======== Input ========
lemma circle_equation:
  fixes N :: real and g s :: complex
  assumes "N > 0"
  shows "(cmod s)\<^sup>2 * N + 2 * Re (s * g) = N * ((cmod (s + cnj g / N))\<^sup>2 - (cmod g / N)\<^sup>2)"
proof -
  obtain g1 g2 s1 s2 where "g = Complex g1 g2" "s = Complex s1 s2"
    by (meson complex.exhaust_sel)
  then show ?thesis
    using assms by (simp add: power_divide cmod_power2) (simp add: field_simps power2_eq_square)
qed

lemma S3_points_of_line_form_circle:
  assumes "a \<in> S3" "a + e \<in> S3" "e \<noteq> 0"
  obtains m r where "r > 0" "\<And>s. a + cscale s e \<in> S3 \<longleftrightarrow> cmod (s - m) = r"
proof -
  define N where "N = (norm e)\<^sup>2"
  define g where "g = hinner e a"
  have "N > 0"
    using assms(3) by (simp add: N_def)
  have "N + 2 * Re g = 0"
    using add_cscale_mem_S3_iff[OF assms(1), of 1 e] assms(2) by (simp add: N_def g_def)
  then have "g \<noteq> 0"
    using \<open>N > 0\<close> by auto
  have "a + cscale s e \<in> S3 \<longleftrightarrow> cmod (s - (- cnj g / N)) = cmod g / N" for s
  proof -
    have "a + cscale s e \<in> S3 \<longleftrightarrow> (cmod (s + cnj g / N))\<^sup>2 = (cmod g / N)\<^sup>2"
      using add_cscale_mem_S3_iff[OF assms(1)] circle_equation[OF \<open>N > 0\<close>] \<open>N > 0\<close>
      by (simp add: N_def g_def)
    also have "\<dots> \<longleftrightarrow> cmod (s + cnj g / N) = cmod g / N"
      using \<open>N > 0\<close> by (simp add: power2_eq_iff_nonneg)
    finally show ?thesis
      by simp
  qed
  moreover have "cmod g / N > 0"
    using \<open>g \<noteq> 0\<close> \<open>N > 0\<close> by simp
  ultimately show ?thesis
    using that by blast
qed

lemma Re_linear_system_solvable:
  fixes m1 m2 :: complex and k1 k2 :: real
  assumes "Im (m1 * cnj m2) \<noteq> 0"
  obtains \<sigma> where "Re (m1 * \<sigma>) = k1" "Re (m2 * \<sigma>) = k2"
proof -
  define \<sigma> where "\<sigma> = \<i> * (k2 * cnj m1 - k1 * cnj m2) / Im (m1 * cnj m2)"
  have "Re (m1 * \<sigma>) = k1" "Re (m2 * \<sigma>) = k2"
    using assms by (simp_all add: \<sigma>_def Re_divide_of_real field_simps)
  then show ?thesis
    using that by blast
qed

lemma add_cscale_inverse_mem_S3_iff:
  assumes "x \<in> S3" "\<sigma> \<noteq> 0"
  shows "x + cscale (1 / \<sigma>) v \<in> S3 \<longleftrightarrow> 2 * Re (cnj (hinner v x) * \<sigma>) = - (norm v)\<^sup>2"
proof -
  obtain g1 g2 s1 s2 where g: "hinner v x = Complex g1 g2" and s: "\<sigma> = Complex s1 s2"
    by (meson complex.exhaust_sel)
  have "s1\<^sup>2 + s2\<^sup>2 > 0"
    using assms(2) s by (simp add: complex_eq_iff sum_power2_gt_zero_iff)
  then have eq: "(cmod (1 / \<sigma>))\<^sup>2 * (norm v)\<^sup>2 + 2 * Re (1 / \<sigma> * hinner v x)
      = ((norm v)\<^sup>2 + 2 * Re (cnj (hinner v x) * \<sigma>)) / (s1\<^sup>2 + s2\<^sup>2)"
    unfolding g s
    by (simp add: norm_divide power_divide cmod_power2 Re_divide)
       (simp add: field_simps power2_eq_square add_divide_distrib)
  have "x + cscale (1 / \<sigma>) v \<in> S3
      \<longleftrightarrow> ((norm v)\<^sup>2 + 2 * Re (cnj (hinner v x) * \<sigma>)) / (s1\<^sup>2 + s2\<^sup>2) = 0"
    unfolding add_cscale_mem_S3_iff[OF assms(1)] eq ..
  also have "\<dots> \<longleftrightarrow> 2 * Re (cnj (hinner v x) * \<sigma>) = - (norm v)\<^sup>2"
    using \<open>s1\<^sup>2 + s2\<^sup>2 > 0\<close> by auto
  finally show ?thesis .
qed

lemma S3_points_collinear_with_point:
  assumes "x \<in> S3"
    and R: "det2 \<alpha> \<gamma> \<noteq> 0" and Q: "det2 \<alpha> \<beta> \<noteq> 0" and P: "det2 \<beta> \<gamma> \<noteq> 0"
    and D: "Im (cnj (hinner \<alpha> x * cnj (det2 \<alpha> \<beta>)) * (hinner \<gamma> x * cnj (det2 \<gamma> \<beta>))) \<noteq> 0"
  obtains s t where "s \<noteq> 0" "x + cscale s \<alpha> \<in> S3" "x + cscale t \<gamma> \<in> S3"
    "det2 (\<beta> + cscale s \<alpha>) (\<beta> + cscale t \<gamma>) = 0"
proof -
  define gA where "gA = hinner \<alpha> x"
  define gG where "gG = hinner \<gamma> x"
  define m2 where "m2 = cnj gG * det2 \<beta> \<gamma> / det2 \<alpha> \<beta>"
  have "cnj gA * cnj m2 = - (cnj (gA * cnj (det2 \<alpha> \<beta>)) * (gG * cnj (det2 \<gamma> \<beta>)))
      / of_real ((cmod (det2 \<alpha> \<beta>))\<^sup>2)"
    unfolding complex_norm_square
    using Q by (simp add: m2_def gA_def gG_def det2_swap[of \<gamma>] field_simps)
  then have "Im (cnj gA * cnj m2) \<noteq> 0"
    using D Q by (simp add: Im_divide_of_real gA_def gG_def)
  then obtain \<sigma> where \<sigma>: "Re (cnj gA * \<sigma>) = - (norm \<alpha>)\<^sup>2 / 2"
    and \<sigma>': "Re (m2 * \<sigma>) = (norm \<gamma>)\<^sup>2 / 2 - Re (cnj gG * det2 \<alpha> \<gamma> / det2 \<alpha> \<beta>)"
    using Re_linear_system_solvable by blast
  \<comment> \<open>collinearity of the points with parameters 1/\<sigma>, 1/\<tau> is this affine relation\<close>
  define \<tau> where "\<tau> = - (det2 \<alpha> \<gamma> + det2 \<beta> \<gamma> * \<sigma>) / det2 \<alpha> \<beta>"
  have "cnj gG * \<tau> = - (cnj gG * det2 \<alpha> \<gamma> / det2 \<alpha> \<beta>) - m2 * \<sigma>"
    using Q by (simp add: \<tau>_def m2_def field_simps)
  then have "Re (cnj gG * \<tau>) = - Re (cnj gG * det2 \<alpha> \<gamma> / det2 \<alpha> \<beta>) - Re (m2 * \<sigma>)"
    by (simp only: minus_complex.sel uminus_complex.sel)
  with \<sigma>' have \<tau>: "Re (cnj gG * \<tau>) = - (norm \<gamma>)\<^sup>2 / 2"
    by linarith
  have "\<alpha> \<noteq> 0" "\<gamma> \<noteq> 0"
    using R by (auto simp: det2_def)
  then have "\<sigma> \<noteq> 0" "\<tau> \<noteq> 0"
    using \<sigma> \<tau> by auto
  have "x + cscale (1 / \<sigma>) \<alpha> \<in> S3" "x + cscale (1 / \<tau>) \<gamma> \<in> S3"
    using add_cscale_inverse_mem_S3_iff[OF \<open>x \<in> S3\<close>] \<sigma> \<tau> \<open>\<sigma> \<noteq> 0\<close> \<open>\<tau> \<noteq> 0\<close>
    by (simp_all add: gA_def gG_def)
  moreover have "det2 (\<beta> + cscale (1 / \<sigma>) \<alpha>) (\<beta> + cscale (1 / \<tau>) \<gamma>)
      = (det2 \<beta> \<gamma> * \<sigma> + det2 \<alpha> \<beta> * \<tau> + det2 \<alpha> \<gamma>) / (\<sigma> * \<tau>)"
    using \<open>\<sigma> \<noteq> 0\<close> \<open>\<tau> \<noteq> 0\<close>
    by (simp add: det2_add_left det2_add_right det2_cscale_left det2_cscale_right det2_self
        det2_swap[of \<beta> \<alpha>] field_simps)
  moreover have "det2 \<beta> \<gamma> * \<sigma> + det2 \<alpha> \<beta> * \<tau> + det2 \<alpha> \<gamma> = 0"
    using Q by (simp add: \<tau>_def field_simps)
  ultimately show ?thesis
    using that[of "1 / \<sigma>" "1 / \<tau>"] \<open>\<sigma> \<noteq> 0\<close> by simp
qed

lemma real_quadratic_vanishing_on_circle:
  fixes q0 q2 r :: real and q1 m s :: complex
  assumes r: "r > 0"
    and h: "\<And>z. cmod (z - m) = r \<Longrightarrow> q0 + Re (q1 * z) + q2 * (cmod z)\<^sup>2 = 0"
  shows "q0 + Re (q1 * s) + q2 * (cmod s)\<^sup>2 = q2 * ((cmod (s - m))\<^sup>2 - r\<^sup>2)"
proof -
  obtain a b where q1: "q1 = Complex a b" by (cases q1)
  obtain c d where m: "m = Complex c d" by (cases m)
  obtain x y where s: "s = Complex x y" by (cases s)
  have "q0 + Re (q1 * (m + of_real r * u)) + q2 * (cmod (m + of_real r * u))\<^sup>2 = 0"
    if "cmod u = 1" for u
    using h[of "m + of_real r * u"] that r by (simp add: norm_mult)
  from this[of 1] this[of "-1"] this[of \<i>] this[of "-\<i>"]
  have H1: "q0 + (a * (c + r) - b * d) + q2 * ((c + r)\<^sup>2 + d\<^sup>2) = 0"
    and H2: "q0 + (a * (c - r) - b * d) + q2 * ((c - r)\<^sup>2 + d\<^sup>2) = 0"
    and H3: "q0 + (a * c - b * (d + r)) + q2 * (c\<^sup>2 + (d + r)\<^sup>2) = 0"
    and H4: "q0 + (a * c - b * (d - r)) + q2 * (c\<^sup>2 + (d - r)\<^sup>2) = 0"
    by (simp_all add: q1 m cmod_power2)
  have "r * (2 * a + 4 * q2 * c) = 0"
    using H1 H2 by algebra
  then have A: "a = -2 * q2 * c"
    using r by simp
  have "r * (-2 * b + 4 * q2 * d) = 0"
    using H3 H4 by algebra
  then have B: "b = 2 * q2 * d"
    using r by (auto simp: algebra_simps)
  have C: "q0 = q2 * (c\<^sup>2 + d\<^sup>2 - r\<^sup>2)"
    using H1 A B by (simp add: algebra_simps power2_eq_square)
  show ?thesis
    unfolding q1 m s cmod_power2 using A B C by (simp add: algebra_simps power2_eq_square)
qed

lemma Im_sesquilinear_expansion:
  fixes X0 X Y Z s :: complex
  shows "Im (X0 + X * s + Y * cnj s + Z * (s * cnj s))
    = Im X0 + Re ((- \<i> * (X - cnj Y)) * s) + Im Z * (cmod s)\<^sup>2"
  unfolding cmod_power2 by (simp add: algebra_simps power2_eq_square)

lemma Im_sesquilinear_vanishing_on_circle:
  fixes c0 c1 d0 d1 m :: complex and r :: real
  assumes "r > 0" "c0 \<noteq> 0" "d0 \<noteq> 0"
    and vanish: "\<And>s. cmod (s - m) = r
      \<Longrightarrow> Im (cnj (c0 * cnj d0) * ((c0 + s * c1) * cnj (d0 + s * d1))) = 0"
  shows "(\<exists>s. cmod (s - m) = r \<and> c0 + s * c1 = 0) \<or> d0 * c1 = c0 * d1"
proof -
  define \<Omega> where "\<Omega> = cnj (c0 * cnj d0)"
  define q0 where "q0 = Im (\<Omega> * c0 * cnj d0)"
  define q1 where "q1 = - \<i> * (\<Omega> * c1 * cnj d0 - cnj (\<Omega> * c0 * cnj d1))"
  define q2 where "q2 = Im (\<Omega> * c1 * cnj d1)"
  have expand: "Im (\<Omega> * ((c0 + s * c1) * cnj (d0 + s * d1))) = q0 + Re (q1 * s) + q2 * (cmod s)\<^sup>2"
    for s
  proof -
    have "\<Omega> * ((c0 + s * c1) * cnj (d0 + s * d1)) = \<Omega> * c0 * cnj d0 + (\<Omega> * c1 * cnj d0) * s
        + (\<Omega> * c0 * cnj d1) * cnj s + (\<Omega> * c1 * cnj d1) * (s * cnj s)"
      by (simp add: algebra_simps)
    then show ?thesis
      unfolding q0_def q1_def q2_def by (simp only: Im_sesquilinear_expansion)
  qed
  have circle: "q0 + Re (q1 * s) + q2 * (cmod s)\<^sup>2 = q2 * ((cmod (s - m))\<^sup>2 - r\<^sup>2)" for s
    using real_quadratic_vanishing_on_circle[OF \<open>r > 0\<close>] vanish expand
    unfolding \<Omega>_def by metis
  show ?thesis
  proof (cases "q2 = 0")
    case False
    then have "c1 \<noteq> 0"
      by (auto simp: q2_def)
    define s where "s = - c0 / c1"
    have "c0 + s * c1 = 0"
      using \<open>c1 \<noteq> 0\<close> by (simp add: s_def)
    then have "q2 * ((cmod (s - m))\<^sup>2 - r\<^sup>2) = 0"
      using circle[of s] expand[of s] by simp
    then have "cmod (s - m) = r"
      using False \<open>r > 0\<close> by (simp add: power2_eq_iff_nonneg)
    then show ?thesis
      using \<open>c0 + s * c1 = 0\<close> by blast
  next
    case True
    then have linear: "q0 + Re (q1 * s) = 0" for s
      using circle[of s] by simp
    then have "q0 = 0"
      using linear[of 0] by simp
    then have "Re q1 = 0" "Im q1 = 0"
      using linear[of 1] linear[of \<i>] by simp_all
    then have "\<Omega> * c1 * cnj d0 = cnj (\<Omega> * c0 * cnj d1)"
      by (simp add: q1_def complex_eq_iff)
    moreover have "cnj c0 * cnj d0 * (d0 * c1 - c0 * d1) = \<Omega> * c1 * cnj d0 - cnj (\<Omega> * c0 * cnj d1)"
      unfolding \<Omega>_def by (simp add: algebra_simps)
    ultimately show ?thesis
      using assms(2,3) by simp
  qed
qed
========
======== Input ========
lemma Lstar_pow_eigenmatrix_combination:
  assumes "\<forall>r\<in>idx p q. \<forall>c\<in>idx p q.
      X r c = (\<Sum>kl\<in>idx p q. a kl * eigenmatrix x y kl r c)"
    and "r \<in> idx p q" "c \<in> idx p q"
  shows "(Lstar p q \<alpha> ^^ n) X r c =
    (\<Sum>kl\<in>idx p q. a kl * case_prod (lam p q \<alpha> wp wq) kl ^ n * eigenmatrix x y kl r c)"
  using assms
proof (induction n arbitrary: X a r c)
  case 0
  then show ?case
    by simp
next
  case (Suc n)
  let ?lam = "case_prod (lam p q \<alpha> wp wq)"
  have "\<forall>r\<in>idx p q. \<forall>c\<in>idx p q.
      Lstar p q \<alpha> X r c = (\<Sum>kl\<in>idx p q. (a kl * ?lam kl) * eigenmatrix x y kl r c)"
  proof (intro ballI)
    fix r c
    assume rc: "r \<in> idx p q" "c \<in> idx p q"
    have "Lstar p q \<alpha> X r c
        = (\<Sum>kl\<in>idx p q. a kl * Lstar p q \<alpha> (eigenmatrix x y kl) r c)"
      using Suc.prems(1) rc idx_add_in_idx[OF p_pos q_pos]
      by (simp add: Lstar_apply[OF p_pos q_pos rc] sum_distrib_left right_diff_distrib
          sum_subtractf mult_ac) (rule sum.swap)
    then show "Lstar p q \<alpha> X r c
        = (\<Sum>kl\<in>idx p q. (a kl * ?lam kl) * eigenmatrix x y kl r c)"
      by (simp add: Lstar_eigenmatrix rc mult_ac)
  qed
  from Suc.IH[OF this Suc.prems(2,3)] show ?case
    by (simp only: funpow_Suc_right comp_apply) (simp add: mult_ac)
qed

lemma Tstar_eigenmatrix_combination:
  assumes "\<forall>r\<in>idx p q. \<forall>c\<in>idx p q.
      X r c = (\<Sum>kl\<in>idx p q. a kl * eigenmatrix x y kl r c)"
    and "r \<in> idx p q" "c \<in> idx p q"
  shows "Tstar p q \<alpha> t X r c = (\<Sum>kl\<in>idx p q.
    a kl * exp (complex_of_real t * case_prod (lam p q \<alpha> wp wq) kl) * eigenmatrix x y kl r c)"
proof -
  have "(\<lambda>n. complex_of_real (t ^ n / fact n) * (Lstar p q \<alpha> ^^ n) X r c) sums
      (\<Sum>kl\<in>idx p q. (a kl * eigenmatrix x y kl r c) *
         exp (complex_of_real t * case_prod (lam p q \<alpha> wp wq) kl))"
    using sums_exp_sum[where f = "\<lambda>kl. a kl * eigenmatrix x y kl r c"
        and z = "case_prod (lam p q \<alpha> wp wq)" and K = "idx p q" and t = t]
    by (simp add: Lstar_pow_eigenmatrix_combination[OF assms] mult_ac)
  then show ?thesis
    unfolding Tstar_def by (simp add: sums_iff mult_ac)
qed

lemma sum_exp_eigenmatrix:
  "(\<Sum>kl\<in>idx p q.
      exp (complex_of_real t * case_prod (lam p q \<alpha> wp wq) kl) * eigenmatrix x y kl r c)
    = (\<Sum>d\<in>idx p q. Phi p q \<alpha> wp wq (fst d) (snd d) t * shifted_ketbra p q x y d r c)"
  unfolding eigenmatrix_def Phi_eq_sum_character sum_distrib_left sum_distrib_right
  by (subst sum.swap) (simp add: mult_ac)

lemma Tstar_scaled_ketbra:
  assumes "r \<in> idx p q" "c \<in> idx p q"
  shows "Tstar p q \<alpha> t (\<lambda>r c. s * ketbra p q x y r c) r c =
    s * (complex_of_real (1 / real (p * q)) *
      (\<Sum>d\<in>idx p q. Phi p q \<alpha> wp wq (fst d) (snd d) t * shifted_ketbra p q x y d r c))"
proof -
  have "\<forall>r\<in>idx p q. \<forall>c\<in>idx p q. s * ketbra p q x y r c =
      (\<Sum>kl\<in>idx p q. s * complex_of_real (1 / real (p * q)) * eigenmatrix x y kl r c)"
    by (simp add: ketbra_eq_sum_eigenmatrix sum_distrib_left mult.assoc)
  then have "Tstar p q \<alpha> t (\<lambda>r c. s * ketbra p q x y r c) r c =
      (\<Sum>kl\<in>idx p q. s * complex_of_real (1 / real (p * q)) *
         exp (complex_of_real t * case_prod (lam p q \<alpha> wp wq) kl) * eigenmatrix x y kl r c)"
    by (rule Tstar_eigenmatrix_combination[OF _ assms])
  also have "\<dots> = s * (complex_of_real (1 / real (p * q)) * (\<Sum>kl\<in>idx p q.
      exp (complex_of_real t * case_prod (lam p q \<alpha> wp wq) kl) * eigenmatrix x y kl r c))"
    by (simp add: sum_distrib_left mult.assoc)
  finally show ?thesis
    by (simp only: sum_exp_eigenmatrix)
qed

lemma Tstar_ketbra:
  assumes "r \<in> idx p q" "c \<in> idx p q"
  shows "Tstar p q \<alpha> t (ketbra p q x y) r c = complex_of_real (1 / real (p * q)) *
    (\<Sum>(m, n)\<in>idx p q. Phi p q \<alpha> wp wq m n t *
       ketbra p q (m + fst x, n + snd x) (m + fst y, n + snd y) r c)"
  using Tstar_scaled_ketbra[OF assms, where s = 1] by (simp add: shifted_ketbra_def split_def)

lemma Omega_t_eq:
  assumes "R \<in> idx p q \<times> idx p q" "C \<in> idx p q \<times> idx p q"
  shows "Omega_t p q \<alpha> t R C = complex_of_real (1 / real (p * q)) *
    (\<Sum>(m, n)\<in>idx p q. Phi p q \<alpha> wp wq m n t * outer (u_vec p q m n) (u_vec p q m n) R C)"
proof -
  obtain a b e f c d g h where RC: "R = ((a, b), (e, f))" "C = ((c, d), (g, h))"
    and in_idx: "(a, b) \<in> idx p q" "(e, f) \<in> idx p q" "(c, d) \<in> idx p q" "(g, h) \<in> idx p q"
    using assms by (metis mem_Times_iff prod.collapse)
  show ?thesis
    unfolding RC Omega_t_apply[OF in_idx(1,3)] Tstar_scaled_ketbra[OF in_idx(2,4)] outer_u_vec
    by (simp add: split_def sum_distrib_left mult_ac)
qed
========
**To do**
Print again the lines of the entries above that fall between the line holding "by (subst sum.swap) (simp add: mult_ac)" and the line holding "q)) * eigenmatrix", inclusive, exactly as they stand.

**Answer space**
  by (subst sum.swap) (simp add: mult_ac)

lemma Tstar_scaled_ketbra:
  assumes "r \<in> idx p q" "c \<in> idx p q"
  shows "Tstar p q \<alpha> t (\<lambda>r c. s * ketbra p q x y r c) r c =
    s * (complex_of_real (1 / real (p * q)) *
      (\<Sum>d\<in>idx p q. Phi p q \<alpha> wp wq (fst d) (snd d) t * shifted_ketbra p q x y d r c))"
proof -
  have "\<forall>r\<in>idx p q. \<forall>c\<in>idx p q. s * ketbra p q x y r c =
      (\<Sum>kl\<in>idx p q. s * complex_of_real (1 / real (p * q)) * eigenmatrix x y kl r c)"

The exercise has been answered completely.